Höhle mit Kino
Ein Gästehaus im belgischen Berlare von Atelier Vens Vanbelle
So extrovertiert geht introvertiert! Ein Filmproduzent hat in seinem Garten in Ostflandern ein Gästehaus mit Showeffekt errichten lassen. Die Architekten Dries Vens und Maarten Vanbelle ersannen einen Zufluchtsort, der doppelt wirkt: um Filme im kleinen Rahmen zu schauen und die Gedanken mit Natureindrücken zu beflügeln.
Was ist besser als Kino? Richtig, ein Heimkino! Mit Projektor statt Bildschirm, roten Samtvorhängen und einer eigenen Bar – genau wie in den Villen der Hollywood-Produzenten der Zwanzigerjahre. In Corona-Zeiten sind Privatkinos die einzigen Orte, in denen Filme noch das dürfen, wofür sie eigentlich gemacht sind: über eine Leinwand flimmern und durch die völlige Dunkelheit des Saals die Realität der Gegenwart ausblenden. Eskapismus in Reinform.

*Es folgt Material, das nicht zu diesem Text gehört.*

(* Let $k\le l$ be positive integers with $\gcd(k,l)=1$, let $n\ge1$, $m\ge 0$ be integers, write $m=qn+r$ with integers $q\ge 0$, $0\le r<n$, and let $A=(a_{ij})\in\mathcal D^{k,l}(m,n)$. Let $I$ be a set of rows and $J$ a set of columns of $A$ such that $a_{ij}\le q$ for all $i\in I$, $j\in J$, and such that $|I|+|J|$ is as large as possible among all such pairs. Put $t_1=nk-|I|$ and $t_2=nl-|J|$. Then $$qt_1t_2+r(t_1l+t_2k)\ge klnr.$$
   Context: $\mathcal D^{k,l}(m,n)$ denotes the set of all $nk\times nl$ matrices with nonnegative integer entries all of whose row sums equal $ml$ and all of whose column sums equal $mk$. *)

theory Defs
  imports Main
begin

text \<open>A matrix is represented as a function A :: nat => nat => nat, of which only the
  entries A i j with i < n*k, j < n*l are relevant.\<close>
definition in_D :: "nat \<Rightarrow> nat \<Rightarrow> nat \<Rightarrow> nat \<Rightarrow> (nat \<Rightarrow> nat \<Rightarrow> nat) \<Rightarrow> bool" where
  "in_D k l m n A \<longleftrightarrow>
     (\<forall>i < n*k. (\<Sum>j<n*l. A i j) = m*l) \<and>
     (\<forall>j < n*l. (\<Sum>i<n*k. A i j) = m*k)"

end

theory Submission
  imports Defs
begin

text \<open>Counting the total \<open>nk \<cdot> ml\<close> this way bounds it by
  \<open>|I| |J| q + t\<^sub>1 ml + t\<^sub>2 mk\<close>, and substituting \<open>m = qn + r\<close> turns this bound into the claim.\<close>

lemma sum_le_block_plus_margins:
  fixes A :: "'a \<Rightarrow> 'b \<Rightarrow> 'c :: canonically_ordered_monoid_add"
  assumes "finite R" "finite C" "I \<subseteq> R" "J \<subseteq> C"
  shows "(\<Sum>i\<in>R. \<Sum>j\<in>C. A i j)
         \<le> (\<Sum>i\<in>I. \<Sum>j\<in>J. A i j) + (\<Sum>i\<in>R-I. \<Sum>j\<in>C. A i j) + (\<Sum>j\<in>C-J. \<Sum>i\<in>R. A i j)"
proof -
  have "(\<Sum>i\<in>R. \<Sum>j\<in>C. A i j) = (\<Sum>i\<in>I. \<Sum>j\<in>C. A i j) + (\<Sum>i\<in>R-I. \<Sum>j\<in>C. A i j)"
    using sum.subset_diff[OF assms(3,1)] by (simp add: add.commute)
  also have "(\<Sum>i\<in>I. \<Sum>j\<in>C. A i j) = (\<Sum>i\<in>I. \<Sum>j\<in>J. A i j) + (\<Sum>i\<in>I. \<Sum>j\<in>C-J. A i j)"
  proof -
    have "sum (A i) C = sum (A i) J + sum (A i) (C-J)" for i
      using sum.subset_diff[OF assms(4,2)] by (simp add: add.commute)
    then show ?thesis
      by (simp add: sum.distrib)
  qed
  also have "(\<Sum>i\<in>I. \<Sum>j\<in>C-J. A i j) \<le> (\<Sum>i\<in>R. \<Sum>j\<in>C-J. A i j)"
    by (rule sum_mono2[OF assms(1,3)]) simp
  also have "(\<Sum>i\<in>R. \<Sum>j\<in>C-J. A i j) = (\<Sum>j\<in>C-J. \<Sum>i\<in>R. A i j)"
    by (rule sum.swap)
  finally show ?thesis
    by (simp add: add_mono ac_simps)
qed

lemma margin_bound_iff:
  fixes n k l q r t\<^sub>1 t\<^sub>2 :: nat
  assumes "t\<^sub>1 \<le> n*k" "t\<^sub>2 \<le> n*l"
  shows "n*k*((q*n + r)*l) \<le> (n*k - t\<^sub>1)*((n*l - t\<^sub>2)*q) + t\<^sub>1*((q*n + r)*l) + t\<^sub>2*((q*n + r)*k)
         \<longleftrightarrow> k*l*n*r \<le> q*t\<^sub>1*t\<^sub>2 + r*(t\<^sub>1*l + t\<^sub>2*k)"
proof -
  have "int ((n*k - t\<^sub>1)*((n*l - t\<^sub>2)*q) + t\<^sub>1*((q*n + r)*l) + t\<^sub>2*((q*n + r)*k))
             - int (n*k*((q*n + r)*l)) = int (q*t\<^sub>1*t\<^sub>2 + r*(t\<^sub>1*l + t\<^sub>2*k)) - int (k*l*n*r)"
    by (simp only: of_nat_add of_nat_mult of_nat_diff[OF assms(1)] of_nat_diff[OF assms(2)])
       (simp add: algebra_simps)
  then show ?thesis
    by linarith
qed

theorem lemma2p3:
  fixes k l n m :: nat and A :: "nat \<Rightarrow> nat \<Rightarrow> nat" and I J :: "nat set"
  assumes "0 < k" and "k \<le> l" and "gcd k l = 1"
    and "1 \<le> n"
    and "in_D k l m n A"
    and "I \<subseteq> {..<n*k}" and "J \<subseteq> {..<n*l}"
    and "\<forall>i\<in>I. \<forall>j\<in>J. A i j \<le> m div n"
    and "\<forall>I' J'. I' \<subseteq> {..<n*k} \<and> J' \<subseteq> {..<n*l} \<and>
                 (\<forall>i\<in>I'. \<forall>j\<in>J'. A i j \<le> m div n)
                 \<longrightarrow> card I' + card J' \<le> card I + card J"
  shows "let q = m div n; r = m mod n; t1 = n*k - card I; t2 = n*l - card J
         in q*t1*t2 + r*(t1*l + t2*k) \<ge> k*l*n*r"
proof -
  define q where "q = m div n"
  define r where "r = m mod n"
  define t\<^sub>1 where "t\<^sub>1 = n*k - card I"
  define t\<^sub>2 where "t\<^sub>2 = n*l - card J"
  have rows: "(\<Sum>j<n*l. A i j) = m*l" if "i < n*k" for i
    using assms(5) that unfolding in_D_def by blast
  have cols: "(\<Sum>i<n*k. A i j) = m*k" if "j < n*l" for j
    using assms(5) that unfolding in_D_def by blast
  have card_I: "card ({..<n*k} - I) = t\<^sub>1" and card_J: "card ({..<n*l} - J) = t\<^sub>2"
    using assms(6,7) by (simp_all add: t\<^sub>1_def t\<^sub>2_def card_Diff_subset finite_subset)
  have "n*k*(m*l) = (\<Sum>i<n*k. \<Sum>j<n*l. A i j)"
    using rows by simp
  also have "\<dots> \<le> (\<Sum>i\<in>I. \<Sum>j\<in>J. A i j) + (\<Sum>i\<in>{..<n*k}-I. \<Sum>j<n*l. A i j)
           + (\<Sum>j\<in>{..<n*l}-J. \<Sum>i<n*k. A i j)"
    using sum_le_block_plus_margins[OF _ _ assms(6,7)] by blast
  also have "(\<Sum>i\<in>{..<n*k}-I. \<Sum>j<n*l. A i j) = t\<^sub>1*(m*l)"
    using rows card_I by simp
  also have "(\<Sum>j\<in>{..<n*l}-J. \<Sum>i<n*k. A i j) = t\<^sub>2*(m*k)"
    using cols card_J by simp
  also have "(\<Sum>i\<in>I. \<Sum>j\<in>J. A i j) \<le> (\<Sum>i\<in>I. \<Sum>j\<in>J. q)"
    using assms(8) unfolding q_def by (intro sum_mono) auto
  also have "\<dots> = (n*k - t\<^sub>1)*((n*l - t\<^sub>2)*q)"
    using assms(6,7) card_mono[of "{..<n*k}" I] card_mono[of "{..<n*l}" J]
    by (simp add: t\<^sub>1_def t\<^sub>2_def)
  finally have "n*k*(m*l) \<le> (n*k - t\<^sub>1)*((n*l - t\<^sub>2)*q) + t\<^sub>1*(m*l) + t\<^sub>2*(m*k)"
    by simp
  moreover have "m = q*n + r"
    by (simp add: q_def r_def)
  ultimately show ?thesis
    using margin_bound_iff[of t\<^sub>1 n k t\<^sub>2 l q r]
    unfolding Let_def q_def r_def t\<^sub>1_def t\<^sub>2_def by simp
qed

end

Aus heutiger Sicht stehen sie für ein Stück wiedererlangte Freiheit.
Mentale Aktivierung
Genau davon profitiert nun ein Filmproduzent in Belgien. Er bewohnt eine Villa aus dem 19. Jahrhundert in Berlare, einer Kleinstadt östlich von Gent. In seinem Garten machte er eine erhöhte Stelle aus, um dort ein Haus für seine Gäste zu errichten. Viele von ihnen arbeiten selbst in der Filmindustrie, weswegen ein privater Vorführsaal auf der Hand lag. Zudem kommen die Besucher aus allen Teilen der Welt und brauchen nach ihren langen Flügen Erholung und mentale Stimulation. Ein gewöhnliches Gästehaus war damit ausgeschlossen. Es ging um ein Statement. Und genau dafür kamen die Architekten Dries Vens und Maarten Vanbelle ins Spiel. Die beiden Gründer des Büros Atelier Vens Vanbelle aus Gent haben sowohl im Interieur als auch beim Exterieur zu einer Sprache gefunden, die in der Erinnerung verankert bleibt.
Unterwasser-Überwasser
Von außen wirkt der bullige Baukörper, als hätte man das Yellow Submarine der Beatles seiner gelben Farbe beraubt und mit einem Panzer aus dem Ersten Weltkrieg gekreuzt. Der Grundriss folgt einer Trapezform mit weit abgerundeten Ecken. Zwei große Bullaugen sowie eine rechteckige Glastür öffnen die holzbeplankten Fassaden zum Garten, der mit hohen Bäumen bewachsen ist und sich zum nahe gelegenen Fluss Schelde sowie einem Schloss orientiert. Noch weitere Aussicht bietet ein kleiner Turm mit auskragender Plattform, der von einem zylindrischen Sockel emporgehoben wird.
Vertikale Ordnung
Der Zugang zum Gästehaus erfolgt über den Altbau – genauer gesagt: durch das Wohnzimmer des Hausherren. Von dort gelangen die Besucher in einen langen Tunnel und erreichen zuerst den kleinen Kinosaal, der vollständig ins Erdreich abgesenkt wurde. Rote Vorhänge bedecken einen Teil der gemauerten Wände. An einem kleinen Bartresen werden Erfrischungen serviert. Ganz am Ende des Tunnels fällt Tageslicht herein – über eine Wendeltreppe, die nach oben zur leicht über den Erdboden angehobenen Wohnfläche und von dort hinauf zum Aussichtsturm führt. Das Treppenhaus funktioniert wie ein Mast, der die Elemente Erde (Kino im Untergeschoss), Wasser (Wohnraum mit Flussblick) und Luft (Aussichtsturm) miteinander verbindet.
Monochrome Materialität
Beim Betreten der Gästewohnung gelingt der Überraschungseffekt: Denn gerade aufragende Wände, wie die Gebäudekubatur von außen vermuten lässt, sucht man hier vergebens. Das Interieur gleicht einer Höhle, die allerdings nicht in einen Felsen geschlagen wurde, sondern auf dem flachen Land aus reinem Schichtholz konstruiert wurde. Wände, Decken und Böden scheinen nicht nur durch ihre monochrome Materialität miteinander zu verschmelzen. Auch auf formaler Ebene rücken die Raumfluchten durch konkav gekrümmte Wände zusammen – sowohl im Schlafzimmer als auch im etwas größeren Wohnzimmer.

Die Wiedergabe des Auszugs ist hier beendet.